WORK TO COMPLETE: Start with the first line of the records below. Output each line exactly, ending with the one that contains "(THE k. sigma".
○ ○ ○
(* Let $m\ge1$ be an integer, $\Gamma_1,\Gamma_2$ co-prime integers with $1<\Gamma_1<\Gamma_2$, $m_1=m\Gamma_1$, $m_2=m\Gamma_2$, and let $1\le j\le K+1$. Let $N$ be an integer with $0\le N<\min\big(m_2(1+\ddot n_{2,j}),\,m_1(1+\ddot n_{1,j})\big)$, with remainders $r_i=|N|_{m_i}$, and let $\tilde r_1,\tilde r_2$ be erroneous remainders whose errors satisfy $$-\frac{\sigma_j}{2}\le\frac{\Delta r_1-\Delta r_2}{m}<\frac{\sigma_j}{2}.$$ Let $\mathbf q_{21}=(\tilde r_1-\tilde r_2)/m$. Then: (1) if $\mathbf q_{21}\ge\sigma_j/2$, then $r_1>r_2$; (2) if $\mathbf q_{21}<-\sigma_j/2$, then $r_1<r_2$; (3) if $-\sigma_j/2\le\mathbf q_{21}<\sigma_j/2$, then $r_1=r_2$.
   Context: $|a|_b$ is the remainder of the integer $a$ modulo the positive integer $b$. Erroneous remainders are integers $\tilde r_i$ with $0\le\tilde r_i<m_i$, errors $\Delta r_i=\tilde r_i-r_i$. Euclidean sequence: $\sigma_{-1}=\Gamma_2$, $\sigma_0=\Gamma_1$, $\sigma_i=|\sigma_{i-2}|_{\sigma_{i-1}}$ for $i\ge1$; $K\ge0$ is the index with $\sigma_K>1$ and $\sigma_{K+1}=1$. For $1\le n<\Gamma_1$, $S_{2,n}=\{|t\Gamma_2|_{\Gamma_1}: 0\le t\le n\}$ and $d_{2,n}$ is the minimum distance between two distinct elements of $S_{2,n}$; for $1\le n<\Gamma_2$, $S_{1,n}=\{|t\Gamma_1|_{\Gamma_2}: 0\le t\le n\}$ and $d_{1,n}$ is defined likewise. $\ddot n_{2,j}=\max\{n:1\le n<\Gamma_1,\ d_{2,n}\ge\sigma_j\}$, $\ddot n_{1,j}=\max\{n:1\le n<\Gamma_2,\ d_{1,n}\ge\sigma_j\}$. *)

theory Defs
  imports Complex_Main
begin

(* Euclidean sequence: eucl G1 G2 k = sigma_{k-1}, i.e.
   eucl 0 = sigma_{-1} = G2, eucl 1 = sigma_0 = G1,
   eucl (k+2) = |eucl k|_{eucl (k+1)}. *)
fun eucl :: "int \<Rightarrow> int \<Rightarrow> nat \<Rightarrow> int" where
  "eucl G1 G2 0 = G2"
| "eucl G1 G2 (Suc 0) = G1"
| "eucl G1 G2 (Suc (Suc k)) = eucl G1 G2 k mod eucl G1 G2 (Suc k)"

definition sigma :: "int \<Rightarrow> int \<Rightarrow> nat \<Rightarrow> int" where
  "sigma G1 G2 i = eucl G1 G2 (Suc i)"

definition Kidx :: "int \<Rightarrow> int \<Rightarrow> nat" where
  "Kidx G1 G2 = (THE k. sigma G1 G2 k > 1 \<and> sigma G1 G2 (Suc k) = 1)"

definition Sset :: "int \<Rightarrow> int \<Rightarrow> nat \<Rightarrow> int set" where
  "Sset a b n = {(int t * a) mod b | t. t \<le> n}"

definition mindist :: "int set \<Rightarrow> int" where
  "mindist A = Min {\<bar>x - y\<bar> | x y. x \<in> A \<and> y \<in> A \<and> x \<noteq> y}"

(* ddot a b s = max { n : 1 <= n < b, d(S a b n) >= s } ;
   ddot_{2,j} = ddot G2 G1 sigma_j, ddot_{1,j} = ddot G1 G2 sigma_j *)
definition ddot :: "int \<Rightarrow> int \<Rightarrow> int \<Rightarrow> nat" where
  "ddot a b s = Max {n. 1 \<le> n \<and> int n < b \<and> mindist (Sset a b n) \<ge> s}"

end

theory Submission
  imports Defs
begin

text \<open>Put n = N div m. Then r_i = m (n mod \<Gamma>_i) + N mod m, so r_1 - r_2 = m d with
  d = (n mod \<Gamma>_1) - (n mod \<Gamma>_2). If d > 0, then d = (t \<Gamma>_2) mod \<Gamma>_1 for t = n div \<Gamma>_2, and the
  bound on N gives t \<le> n_{2,j}, so d and 0 are distinct points of S_{2,n_{2,j}} and d \<ge> \<sigma>_j;
  symmetrically if d < 0. Thus d = 0 or |d| \<ge> \<sigma>_j, and an error of less than \<sigma>_j/2 in
  (r_1 - r_2)/m cannot carry q_21 across the thresholds \<plusminus>\<sigma>_j/2.\<close>

lemma Sset_eq_image: "Sset a b n = (\<lambda>t. (int t * a) mod b) ` {..n}"
  unfolding Sset_def by auto

lemma finite_Sset: "finite (Sset a b n)"
  by (simp add: Sset_eq_image)

lemma zero_in_Sset: "0 \<in> Sset a b n"
  unfolding Sset_eq_image by (rule image_eqI[of _ _ 0]) auto

lemma Sset_one: "Sset a b 1 = {0, a mod b}"
  by (auto simp: Sset_eq_image One_nat_def atMost_Suc)

lemma mindist_le:
  assumes "finite A" "x \<in> A" "y \<in> A" "x \<noteq> y"
  shows "mindist A \<le> \<bar>x - y\<bar>"
proof -
  have "{\<bar>x - y\<bar> | x y. x \<in> A \<and> y \<in> A \<and> x \<noteq> y} \<subseteq> (\<lambda>(x, y). \<bar>x - y\<bar>) ` (A \<times> A)"
    by auto
  then have "finite {\<bar>x - y\<bar> | x y. x \<in> A \<and> y \<in> A \<and> x \<noteq> y}"
    using assms(1) by (meson finite_SigmaI finite_imageI finite_subset)
  then show ?thesis
    unfolding mindist_def using assms by (intro Min_le) auto
qed

lemma mindist_doubleton_zero: "c \<noteq> 0 \<Longrightarrow> mindist {0, c} = \<bar>c\<bar>"
proof -
  assume "c \<noteq> 0"
  then have "{\<bar>x - y\<bar> | x y. x \<in> {0, c} \<and> y \<in> {0, c} \<and> x \<noteq> y} = {\<bar>c\<bar>}"
    by auto (metis abs_minus_commute diff_zero)
  then show ?thesis unfolding mindist_def by simp
qed

lemma mindist_Sset_one: "a mod b \<noteq> 0 \<Longrightarrow> mindist (Sset a b 1) = \<bar>a mod b\<bar>"
  unfolding Sset_one by (rule mindist_doubleton_zero)

text \<open>The hypothesis on \<open>Sset a b 1\<close> makes the set in \<open>ddot_def\<close> nonempty, so that its
  \<open>Max\<close> is not a junk value.\<close>

lemma mindist_Sset_ddot:
  assumes "1 < b" "s \<le> mindist (Sset a b 1)"
  shows "s \<le> mindist (Sset a b (ddot a b s))"
proof -
  let ?C = "{n. 1 \<le> n \<and> int n < b \<and> mindist (Sset a b n) \<ge> s}"
  have "finite ?C"
    by (rule finite_subset[of _ "{..nat b}"]) auto
  moreover have "1 \<in> ?C" using assms by auto
  ultimately have "Max ?C \<in> ?C" by (intro Max_in) blast+
  then show ?thesis unfolding ddot_def by simp
qed

lemma mod_diff_in_Sset:
  fixes a b x :: int
  assumes "0 < a" "0 < b" "0 \<le> x" "x < a * (1 + int n)" "x mod a < x mod b"
  shows "x mod b - x mod a \<in> Sset a b n"
proof -
  define t where "t = x div a"
  have "0 \<le> t" using assms(1,3) unfolding t_def by (simp add: pos_imp_zdiv_nonneg_iff)
  have "a * t + x mod a = x" unfolding t_def by simp
  then have "a * t < a * (1 + int n)" using assms(1,4) pos_mod_sign[of a x] by linarith
  then have "t \<le> int n" using assms(1) by simp
  have "(t * a) mod b = (x - x mod a) mod b"
    unfolding t_def by (simp add: minus_mod_eq_mult_div mult.commute)
  also have "\<dots> = (x mod b - x mod a) mod b"
    by (simp add: mod_diff_left_eq)
  also have "\<dots> = x mod b - x mod a"
    using assms(5) pos_mod_sign[OF assms(1), of x] pos_mod_bound[OF assms(2), of x]
    by (intro mod_pos_pos_trivial) simp_all
  finally show ?thesis
    unfolding Sset_def using \<open>0 \<le> t\<close> \<open>t \<le> int n\<close>
    by (intro CollectI exI[of _ "nat t"]) auto
qed

lemma mod_diff_ge_of_ddot:
  fixes a b x s :: int
  assumes "0 < a" "1 < b" "0 < a mod b" "s \<le> a mod b"
    and "0 \<le> x" "x < a * (1 + int (ddot a b s))" "x mod a < x mod b"
  shows "s \<le> x mod b - x mod a"
proof -
  have "s \<le> mindist (Sset a b (ddot a b s))"
    using assms(2-4) mindist_Sset_one[of a b] by (intro mindist_Sset_ddot) simp_all
  also have "\<dots> \<le> \<bar>(x mod b - x mod a) - 0\<bar>"
    using assms(1,2,5-7) by (intro mindist_le finite_Sset mod_diff_in_Sset zero_in_Sset) auto
  finally show ?thesis using assms(7) by simp
qed

lemma mod_eq_or_mod_dist_ge:
  fixes G1 G2 x s :: int
  assumes "1 < G1" "G1 < G2" "0 < G2 mod G1" "s \<le> G2 mod G1"
    and "0 \<le> x" "x < G2 * (1 + int (ddot G2 G1 s))" "x < G1 * (1 + int (ddot G1 G2 s))"
  shows "x mod G1 = x mod G2 \<or> s \<le> \<bar>x mod G1 - x mod G2\<bar>"
proof -
  have "G1 mod G2 = G1" "G2 mod G1 < G1" using assms(1,2) by simp_all
  consider "x mod G1 = x mod G2" | "x mod G2 < x mod G1" | "x mod G1 < x mod G2"
    by linarith
  then show ?thesis
  proof cases
    case 2
    then show ?thesis using assms mod_diff_ge_of_ddot[of G2 G1 s x] by simp
  next
    case 3
    then show ?thesis
      using assms \<open>G1 mod G2 = G1\<close> \<open>G2 mod G1 < G1\<close> mod_diff_ge_of_ddot[of G1 G2 s x] by simp
  qed simp
qed

lemma coprime_mod_pos:
  fixes G1 G2 :: int
  assumes "1 < G1" "coprime G1 G2"
  shows "0 < G2 mod G1"
proof -
  have "\<not> G1 dvd G2"
  proof
    assume "G1 dvd G2"
    then have "is_unit G1" using assms(2) by (simp add: coprime_absorb_left)
    then show False using assms(1) by auto
  qed
  then have "G2 mod G1 \<noteq> 0" by (simp add: dvd_eq_mod_eq_0)
  moreover have "0 \<le> G2 mod G1" using assms(1) by simp
  ultimately show ?thesis by linarith
qed

text \<open>Since \<open>a mod 0 = a\<close>, after its first zero the sequence alternates between \<open>0\<close> and its
  last nonzero term; it is not monotone, hence the two-step induction.\<close>

lemma eucl_bounded:
  fixes G1 G2 :: int
  assumes "0 < G2 mod G1"
  shows "2 \<le> k \<Longrightarrow> 0 \<le> eucl G1 G2 k \<and> eucl G1 G2 k \<le> G2 mod G1"
proof (induction k rule: less_induct)
  case (less k)
  consider "k = 2" | "k = 3" | "4 \<le> k"
    using less.prems by linarith
  then show ?case
  proof cases
    case 1
    then show ?thesis using assms by (simp add: numeral_2_eq_2)
  next
    case 2
    then show ?thesis using assms by (simp add: numeral_3_eq_3 less_imp_le)
  next
    case 3
    then obtain i where k: "k = Suc (Suc i)" "2 \<le> i"
      by (intro that[of "k - 2"]) auto
    then have IH: "0 \<le> eucl G1 G2 i" "eucl G1 G2 i \<le> G2 mod G1"
        "0 \<le> eucl G1 G2 (Suc i)" "eucl G1 G2 (Suc i) \<le> G2 mod G1"
      using less.IH by auto
    show ?thesis
    proof (cases "eucl G1 G2 (Suc i) = 0")
      case False
      then have "0 < eucl G1 G2 (Suc i)" using IH(3) by simp
      then have "0 \<le> eucl G1 G2 i mod eucl G1 G2 (Suc i)"
          "eucl G1 G2 i mod eucl G1 G2 (Suc i) < eucl G1 G2 (Suc i)"
        by simp_all
      moreover have "eucl G1 G2 k = eucl G1 G2 i mod eucl G1 G2 (Suc i)" using k by simp
      ultimately show ?thesis using IH(4) by linarith
    qed (use k IH in simp)
  qed
qed

lemma sigma_le_mod:
  fixes G1 G2 :: int
  assumes "1 < G1" "coprime G1 G2" "1 \<le> j"
  shows "sigma G1 G2 j \<le> G2 mod G1"
  using eucl_bounded[OF coprime_mod_pos[OF assms(1,2)], of "Suc j"] assms(3)
  unfolding sigma_def by simp

lemma mod_mult_diff_eq:
  fixes N m a b :: int
  assumes "0 \<le> a" "0 \<le> b"
  shows "N mod (m * a) - N mod (m * b) = m * (N div m mod a - N div m mod b)"
  using zmod_zmult2_eq[OF assms(1), of N m] zmod_zmult2_eq[OF assms(2), of N m]
  by (simp add: algebra_simps)

lemma zdiv_less_of_less_mult:
  fixes N m c :: int
  assumes "0 < m" "N < m * c"
  shows "N div m < c"
proof -
  have "m * (N div m) + N mod m = N" by simp
  then have "m * (N div m) < m * c" using assms pos_mod_sign[of m N] by linarith
  then show ?thesis using assms(1) by simp
qed

lemma threshold_decision:
  fixes q e s :: "'a::linordered_field"
  assumes "e = 0 \<or> s \<le> \<bar>e\<bar>" "- s / 2 \<le> q - e" "q - e < s / 2"
  shows "(s / 2 \<le> q \<longrightarrow> 0 < e) \<and> (q < - s / 2 \<longrightarrow> e < 0)
    \<and> (- s / 2 \<le> q \<and> q < s / 2 \<longrightarrow> e = 0)"
  using assms by (auto simp: abs_if split: if_splits)

theorem lemma7:
  fixes m G1 G2 N rt1 rt2 :: int and j :: nat
  assumes hm: "m \<ge> 1"
    and hcop: "coprime G1 G2"
    and hG: "1 < G1" "G1 < G2"
    and hj: "1 \<le> j" "j \<le> Kidx G1 G2 + 1"
    and hN: "0 \<le> N"
      "N < min (m * G2 * (1 + int (ddot G2 G1 (sigma G1 G2 j))))
               (m * G1 * (1 + int (ddot G1 G2 (sigma G1 G2 j))))"
    and hrt: "0 \<le> rt1" "rt1 < m * G1" "0 \<le> rt2" "rt2 < m * G2"
    and herr: "- real_of_int (sigma G1 G2 j) / 2
                 \<le> real_of_int ((rt1 - N mod (m * G1)) - (rt2 - N mod (m * G2))) / real_of_int m"
              "real_of_int ((rt1 - N mod (m * G1)) - (rt2 - N mod (m * G2))) / real_of_int m
                 < real_of_int (sigma G1 G2 j) / 2"
  shows "(real_of_int (rt1 - rt2) / real_of_int m \<ge> real_of_int (sigma G1 G2 j) / 2
            \<longrightarrow> N mod (m * G1) > N mod (m * G2))
       \<and> (real_of_int (rt1 - rt2) / real_of_int m < - real_of_int (sigma G1 G2 j) / 2
            \<longrightarrow> N mod (m * G1) < N mod (m * G2))
       \<and> (- real_of_int (sigma G1 G2 j) / 2 \<le> real_of_int (rt1 - rt2) / real_of_int m
            \<and> real_of_int (rt1 - rt2) / real_of_int m < real_of_int (sigma G1 G2 j) / 2
            \<longrightarrow> N mod (m * G1) = N mod (m * G2))"
proof -
  define s where "s = sigma G1 G2 j"
  define n where "n = N div m"
  define d where "d = n mod G1 - n mod G2"
  have diff: "N mod (m * G1) - N mod (m * G2) = m * d"
    unfolding d_def n_def using hG by (intro mod_mult_diff_eq) simp_all
  have "n < G2 * (1 + int (ddot G2 G1 s))" "n < G1 * (1 + int (ddot G1 G2 s))"
    unfolding n_def s_def using hm hN(2) by (auto intro: zdiv_less_of_less_mult simp: mult.assoc)
  moreover have "0 \<le> n" using hN(1) hm unfolding n_def by (simp add: pos_imp_zdiv_nonneg_iff)
  moreover have "s \<le> G2 mod G1" unfolding s_def using hG(1) hcop hj(1) by (rule sigma_le_mod)
  ultimately have "n mod G1 = n mod G2 \<or> s \<le> \<bar>n mod G1 - n mod G2\<bar>"
    using hG coprime_mod_pos[OF hG(1) hcop] by (intro mod_eq_or_mod_dist_ge)
  then have gap: "d = 0 \<or> s \<le> \<bar>d\<bar>" unfolding d_def by simp
  define q where "q = real_of_int (rt1 - rt2) / real_of_int m"
  have "q - real_of_int d
      = real_of_int ((rt1 - N mod (m * G1)) - (rt2 - N mod (m * G2))) / real_of_int m"
    unfolding q_def using hm diff by (simp add: field_simps)
  moreover have "real_of_int d = 0 \<or> real_of_int s \<le> \<bar>real_of_int d\<bar>"
    using gap by (metis of_int_0_eq_iff of_int_abs of_int_le_iff)
  ultimately have "(real_of_int s / 2 \<le> q \<longrightarrow> 0 < d) \<and> (q < - real_of_int s / 2 \<longrightarrow> d < 0)
      \<and> (- real_of_int s / 2 \<le> q \<and> q < real_of_int s / 2 \<longrightarrow> d = 0)"
    using threshold_decision[of "real_of_int d" "real_of_int s" q] herr unfolding s_def by simp
  moreover have "0 < d \<longleftrightarrow> N mod (m * G2) < N mod (m * G1)" "d < 0 \<longleftrightarrow> N mod (m * G1) < N mod (m * G2)"
    using diff hm zero_less_mult_iff[of m d] mult_less_0_iff[of m d] by linarith+
  ultimately show ?thesis unfolding q_def s_def by auto
qed

end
○ ○ ○
OUTPUT OF THE EXERCISE:
(* Let $m\ge1$ be an integer, $\Gamma_1,\Gamma_2$ co-prime integers with $1<\Gamma_1<\Gamma_2$, $m_1=m\Gamma_1$, $m_2=m\Gamma_2$, and let $1\le j\le K+1$. Let $N$ be an integer with $0\le N<\min\big(m_2(1+\ddot n_{2,j}),\,m_1(1+\ddot n_{1,j})\big)$, with remainders $r_i=|N|_{m_i}$, and let $\tilde r_1,\tilde r_2$ be erroneous remainders whose errors satisfy $$-\frac{\sigma_j}{2}\le\frac{\Delta r_1-\Delta r_2}{m}<\frac{\sigma_j}{2}.$$ Let $\mathbf q_{21}=(\tilde r_1-\tilde r_2)/m$. Then: (1) if $\mathbf q_{21}\ge\sigma_j/2$, then $r_1>r_2$; (2) if $\mathbf q_{21}<-\sigma_j/2$, then $r_1<r_2$; (3) if $-\sigma_j/2\le\mathbf q_{21}<\sigma_j/2$, then $r_1=r_2$.
   Context: $|a|_b$ is the remainder of the integer $a$ modulo the positive integer $b$. Erroneous remainders are integers $\tilde r_i$ with $0\le\tilde r_i<m_i$, errors $\Delta r_i=\tilde r_i-r_i$. Euclidean sequence: $\sigma_{-1}=\Gamma_2$, $\sigma_0=\Gamma_1$, $\sigma_i=|\sigma_{i-2}|_{\sigma_{i-1}}$ for $i\ge1$; $K\ge0$ is the index with $\sigma_K>1$ and $\sigma_{K+1}=1$. For $1\le n<\Gamma_1$, $S_{2,n}=\{|t\Gamma_2|_{\Gamma_1}: 0\le t\le n\}$ and $d_{2,n}$ is the minimum distance between two distinct elements of $S_{2,n}$; for $1\le n<\Gamma_2$, $S_{1,n}=\{|t\Gamma_1|_{\Gamma_2}: 0\le t\le n\}$ and $d_{1,n}$ is defined likewise. $\ddot n_{2,j}=\max\{n:1\le n<\Gamma_1,\ d_{2,n}\ge\sigma_j\}$, $\ddot n_{1,j}=\max\{n:1\le n<\Gamma_2,\ d_{1,n}\ge\sigma_j\}$. *)

theory Defs
  imports Complex_Main
begin

(* Euclidean sequence: eucl G1 G2 k = sigma_{k-1}, i.e.
   eucl 0 = sigma_{-1} = G2, eucl 1 = sigma_0 = G1,
   eucl (k+2) = |eucl k|_{eucl (k+1)}. *)
fun eucl :: "int \<Rightarrow> int \<Rightarrow> nat \<Rightarrow> int" where
  "eucl G1 G2 0 = G2"
| "eucl G1 G2 (Suc 0) = G1"
| "eucl G1 G2 (Suc (Suc k)) = eucl G1 G2 k mod eucl G1 G2 (Suc k)"

definition sigma :: "int \<Rightarrow> int \<Rightarrow> nat \<Rightarrow> int" where
  "sigma G1 G2 i = eucl G1 G2 (Suc i)"

definition Kidx :: "int \<Rightarrow> int \<Rightarrow> nat" where
  "Kidx G1 G2 = (THE k. sigma G1 G2 k > 1 \<and> sigma G1 G2 (Suc k) = 1)"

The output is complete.